---------- Records for the task
(* Let $G$ be a (not necessarily connected) graph on $n\ge1$ vertices with adjacency matrix $A$, let $m\ge1$, and let $\alpha\in\mathrm{ev}(A)\setminus\{0,-m,-2m\}$. Then there exist $\mu\in\mathbb{R}$, $f\in\mathbb{R}^m$, $g\in\mathbb{R}^n$ with \[ (J_m+\alpha I)f=\tfrac{\mu}{2}\mathbf 1,\quad (A-J_n-\alpha I)g=-\tfrac{\mu}{2}\mathbf 1,\quad \langle f,f\rangle+\langle g,g\rangle=1,\quad \langle\mathbf 1,f\rangle+\langle\mathbf 1,g\rangle=0 \] if and only if there is a vector $g\in\mathbb{R}^n$ with $Ag=\alpha g$, $\langle g,g\rangle=1$ and $\langle\mathbf 1,g\rangle=0$.
   Context: $\mathrm{ev}(A)$ is the set of eigenvalues of $A$; $J_k$ the $k\times k$ all-ones matrix; $\mathbf 1$ the all-ones vector of the appropriate size; $I$ the identity. *)

theory Defs
  imports "HOL-Analysis.Analysis"
begin

definition is_adjacency_matrix :: "real^'n^'n \<Rightarrow> bool" where
  "is_adjacency_matrix A \<longleftrightarrow>
     (\<forall>i j. A $ i $ j = A $ j $ i) \<and>
     (\<forall>i j. A $ i $ j = 0 \<or> A $ i $ j = 1) \<and>
     (\<forall>i. A $ i $ i = 0)"

definition ev :: "real^'n^'n \<Rightarrow> real set" where
  "ev A = {a. \<exists>v::real^'n. v \<noteq> 0 \<and> A *v v = a *\<^sub>R v}"

definition J :: "real^'n^'n" where
  "J = (\<chi> i j. 1)"

definition ones :: "real^'n" where
  "ones = (\<chi> i. 1)"

end

theory Submission
  imports Defs
begin

text \<open>The first equation forces \<open>f\<close> to be a multiple of \<open>\<one>\<close>, which fixes
  \<open>\<langle>\<one>, g\<rangle>\<close>; the second then says \<open>(A - \<alpha> I) g = c \<one>\<close> with \<open>c\<close> proportional to \<open>\<mu>\<close>.
  If \<open>\<mu> = 0\<close>, \<open>g\<close> itself is the required eigenvector. Otherwise \<open>\<one>\<close> lies in the range
  of the symmetric matrix \<open>A - \<alpha> I\<close>, which is orthogonal to its kernel, so every
  \<open>\<alpha>\<close>-eigenvector is orthogonal to \<open>\<one>\<close>; normalising one finishes the proof.\<close>

lemma J_mult_vector: "(J::real^'n^'n) *v x = (ones \<bullet> x) *\<^sub>R ones"
  by (simp add: vec_eq_iff J_def ones_def matrix_vector_mult_def inner_vec_def)

lemma inner_ones_ones: "(ones::real^'n) \<bullet> ones = real CARD('n)"
  by (simp add: ones_def inner_vec_def)

lemma adjacency_matrix_transpose: "is_adjacency_matrix A \<Longrightarrow> transpose A = A"
  by (simp add: is_adjacency_matrix_def transpose_def vec_eq_iff)

lemma symmetric_matrix_inner:
  fixes A :: "real^'n^'n"
  assumes "transpose A = A"
  shows "(A *v x) \<bullet> y = x \<bullet> (A *v y)"
  by (metis assms dot_lmul_matrix vector_transpose_matrix)

lemma symmetric_matrix_range_orthogonal_eigenvector:
  fixes A :: "real^'n^'n"
  assumes "transpose A = A" and "A *v v = \<alpha> *\<^sub>R v"
  shows "(A *v x - \<alpha> *\<^sub>R x) \<bullet> v = 0"
  using assms by (simp add: symmetric_matrix_inner[OF assms(1)] inner_diff_left)

lemma unit_eigenvector_orthogonal:
  fixes A :: "real^'n^'n"
  assumes "v \<noteq> 0" and "A *v v = \<alpha> *\<^sub>R v" and "u \<bullet> v = 0"
  shows "\<exists>g. A *v g = \<alpha> *\<^sub>R g \<and> g \<bullet> g = 1 \<and> u \<bullet> g = 0"
proof (intro exI conjI)
  let ?g = "(1 / norm v) *\<^sub>R v"
  show "A *v ?g = \<alpha> *\<^sub>R ?g"
    using assms(2) by (simp add: matrix_vector_mult_scaleR)
  show "?g \<bullet> ?g = 1"
    using assms(1) by (simp flip: power2_norm_eq_inner add: power2_eq_square)
  show "u \<bullet> ?g = 0"
    using assms(3) by simp
qed

lemma J_plus_scaled_identity_solution:
  fixes f :: "real^'m"
  assumes "(J + \<alpha> *\<^sub>R mat 1) *v f = b *\<^sub>R ones"
    and "\<alpha> \<noteq> 0" and "\<alpha> + real CARD('m) \<noteq> 0"
  shows "f = (b / (\<alpha> + real CARD('m))) *\<^sub>R ones"
proof -
  define m where "m = real CARD('m)"
  define s where "s = ones \<bullet> f"
  have f_eq: "s *\<^sub>R ones + \<alpha> *\<^sub>R f = b *\<^sub>R ones"
    using assms(1) by (simp add: matrix_vector_mult_add_rdistrib J_mult_vector s_def
        flip: scaleR_matrix_vector_assoc)
  then have "ones \<bullet> (s *\<^sub>R ones + \<alpha> *\<^sub>R f) = ones \<bullet> (b *\<^sub>R (ones::real^'m))"
    by simp
  then have "s * (\<alpha> + m) = b * m"
    by (simp add: inner_add_right inner_ones_ones m_def flip: s_def) (simp add: algebra_simps)
  then have "s = b * m / (\<alpha> + m)"
    using assms(3) by (simp add: m_def field_simps)
  then have "b - s = \<alpha> * (b / (\<alpha> + m))"
    using assms(3) by (simp add: m_def field_simps)
  moreover have "\<alpha> *\<^sub>R f = (b - s) *\<^sub>R ones"
    using f_eq by (simp add: scaleR_diff_left algebra_simps flip: f_eq)
  ultimately have "\<alpha> *\<^sub>R f = \<alpha> *\<^sub>R ((b / (\<alpha> + m)) *\<^sub>R ones)"
    by simp
  then show ?thesis
    using assms(2) unfolding m_def by (metis scaleR_cancel_left)
qed

lemma eigenvector_orthogonal_ones_kernel:
  assumes "A *v g = \<alpha> *\<^sub>R g" and "ones \<bullet> g = 0"
  shows "(A - J - \<alpha> *\<^sub>R mat 1) *v g = 0"
  using assms by (simp add: matrix_vector_mult_diff_rdistrib J_mult_vector
      flip: scaleR_matrix_vector_assoc)

lemma solution_imp_orthogonal_unit_eigenvector:
  fixes A :: "real^'n^'n" and f :: "real^'m"
  assumes "transpose A = A" and "\<alpha> \<in> ev A"
    and \<alpha>: "\<alpha> \<notin> {0, - real CARD('m), - 2 * real CARD('m)}"
    and f_eq: "(J + \<alpha> *\<^sub>R mat 1) *v f = b *\<^sub>R ones"
    and g_eq: "(A - J - \<alpha> *\<^sub>R mat 1) *v g = - (b *\<^sub>R ones)"
    and unit: "f \<bullet> f + g \<bullet> g = 1" and balanced: "ones \<bullet> f + ones \<bullet> g = 0"
  shows "\<exists>g. A *v g = \<alpha> *\<^sub>R g \<and> g \<bullet> g = 1 \<and> ones \<bullet> g = 0"
proof -
  define m where "m = real CARD('m)"
  have "\<alpha> \<noteq> 0" "\<alpha> + m \<noteq> 0" "\<alpha> + 2 * m \<noteq> 0"
    using \<alpha> by (auto simp: m_def)
  have f: "f = (b / (\<alpha> + m)) *\<^sub>R ones"
    using J_plus_scaled_identity_solution[OF f_eq] \<open>\<alpha> \<noteq> 0\<close> \<open>\<alpha> + m \<noteq> 0\<close>
    by (simp add: m_def)
  have ones_g: "ones \<bullet> g = - (b * m / (\<alpha> + m))"
    using balanced by (simp add: f inner_ones_ones m_def eq_neg_iff_add_eq_0 add.commute)
  define c where "c = - b * (\<alpha> + 2 * m) / (\<alpha> + m)"
  have "ones \<bullet> g - b = c"
    using \<open>\<alpha> + m \<noteq> 0\<close> by (simp add: ones_g c_def field_simps)
  moreover have "A *v g - \<alpha> *\<^sub>R g = (ones \<bullet> g - b) *\<^sub>R ones"
    using g_eq by (simp add: matrix_vector_mult_diff_rdistrib J_mult_vector scaleR_diff_left
        algebra_simps flip: scaleR_matrix_vector_assoc)
  ultimately have Ag: "A *v g - \<alpha> *\<^sub>R g = c *\<^sub>R ones"
    by simp
  show ?thesis
  proof (cases "b = 0")
    case True
    then have "c = 0" and "f = 0" and "ones \<bullet> g = 0"
      by (simp_all add: c_def f ones_g)
    then show ?thesis
      using Ag unit by auto
  next
    case False
    then have "c \<noteq> 0"
      using \<open>\<alpha> + m \<noteq> 0\<close> \<open>\<alpha> + 2 * m \<noteq> 0\<close> by (simp add: c_def)
    obtain v where v: "v \<noteq> 0" "A *v v = \<alpha> *\<^sub>R v"
      using \<open>\<alpha> \<in> ev A\<close> by (auto simp: ev_def)
    have "c * (ones \<bullet> v) = 0"
      using symmetric_matrix_range_orthogonal_eigenvector[OF \<open>transpose A = A\<close> v(2), of g]
      by (simp add: Ag)
    then have "ones \<bullet> v = 0"
      using \<open>c \<noteq> 0\<close> by simp
    then show ?thesis
      using unit_eigenvector_orthogonal[OF v] by blast
  qed
qed

theorem lemma3p6:
  fixes A :: "real^'n^'n" and \<alpha> :: real
  assumes "is_adjacency_matrix A"
    and "\<alpha> \<in> ev A"
    and "\<alpha> \<notin> {0, - real CARD('m), - 2 * real CARD('m)}"
  shows "(\<exists>(\<mu>::real) (f::real^'m) (g::real^'n).
            (J + \<alpha> *\<^sub>R mat 1) *v f = (\<mu> / 2) *\<^sub>R ones \<and>
            (A - J - \<alpha> *\<^sub>R mat 1) *v g = - ((\<mu> / 2) *\<^sub>R ones) \<and>
            f \<bullet> f + g \<bullet> g = 1 \<and>
            ones \<bullet> f + ones \<bullet> g = 0)
         \<longleftrightarrow>
         (\<exists>g::real^'n. A *v g = \<alpha> *\<^sub>R g \<and> g \<bullet> g = 1 \<and> ones \<bullet> g = 0)"
  using solution_imp_orthogonal_unit_eigenvector[OF adjacency_matrix_transpose[OF assms(1)] assms(2,3)]
    eigenvector_orthogonal_ones_kernel
  by (fastforce intro!: exI[of _ "0::real"] exI[of _ "0::real^'m"])

end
--------------------
Exercise description: With the line containing "using \<open>c \<noteq>" as the start and the last line of the listing as the end, restate that stretch word for word and nothing else.

Response to this task:
      using \<open>c \<noteq> 0\<close> by simp
    then show ?thesis
      using unit_eigenvector_orthogonal[OF v] by blast
  qed
qed

theorem lemma3p6:
  fixes A :: "real^'n^'n" and \<alpha> :: real
  assumes "is_adjacency_matrix A"
    and "\<alpha> \<in> ev A"
    and "\<alpha> \<notin> {0, - real CARD('m), - 2 * real CARD('m)}"
  shows "(\<exists>(\<mu>::real) (f::real^'m) (g::real^'n).
            (J + \<alpha> *\<^sub>R mat 1) *v f = (\<mu> / 2) *\<^sub>R ones \<and>
            (A - J - \<alpha> *\<^sub>R mat 1) *v g = - ((\<mu> / 2) *\<^sub>R ones) \<and>
            f \<bullet> f + g \<bullet> g = 1 \<and>
            ones \<bullet> f + ones \<bullet> g = 0)
         \<longleftrightarrow>
         (\<exists>g::real^'n. A *v g = \<alpha> *\<^sub>R g \<and> g \<bullet> g = 1 \<and> ones \<bullet> g = 0)"
  using solution_imp_orthogonal_unit_eigenvector[OF adjacency_matrix_transpose[OF assms(1)] assms(2,3)]
    eigenvector_orthogonal_ones_kernel
  by (fastforce intro!: exI[of _ "0::real"] exI[of _ "0::real^'m"])

end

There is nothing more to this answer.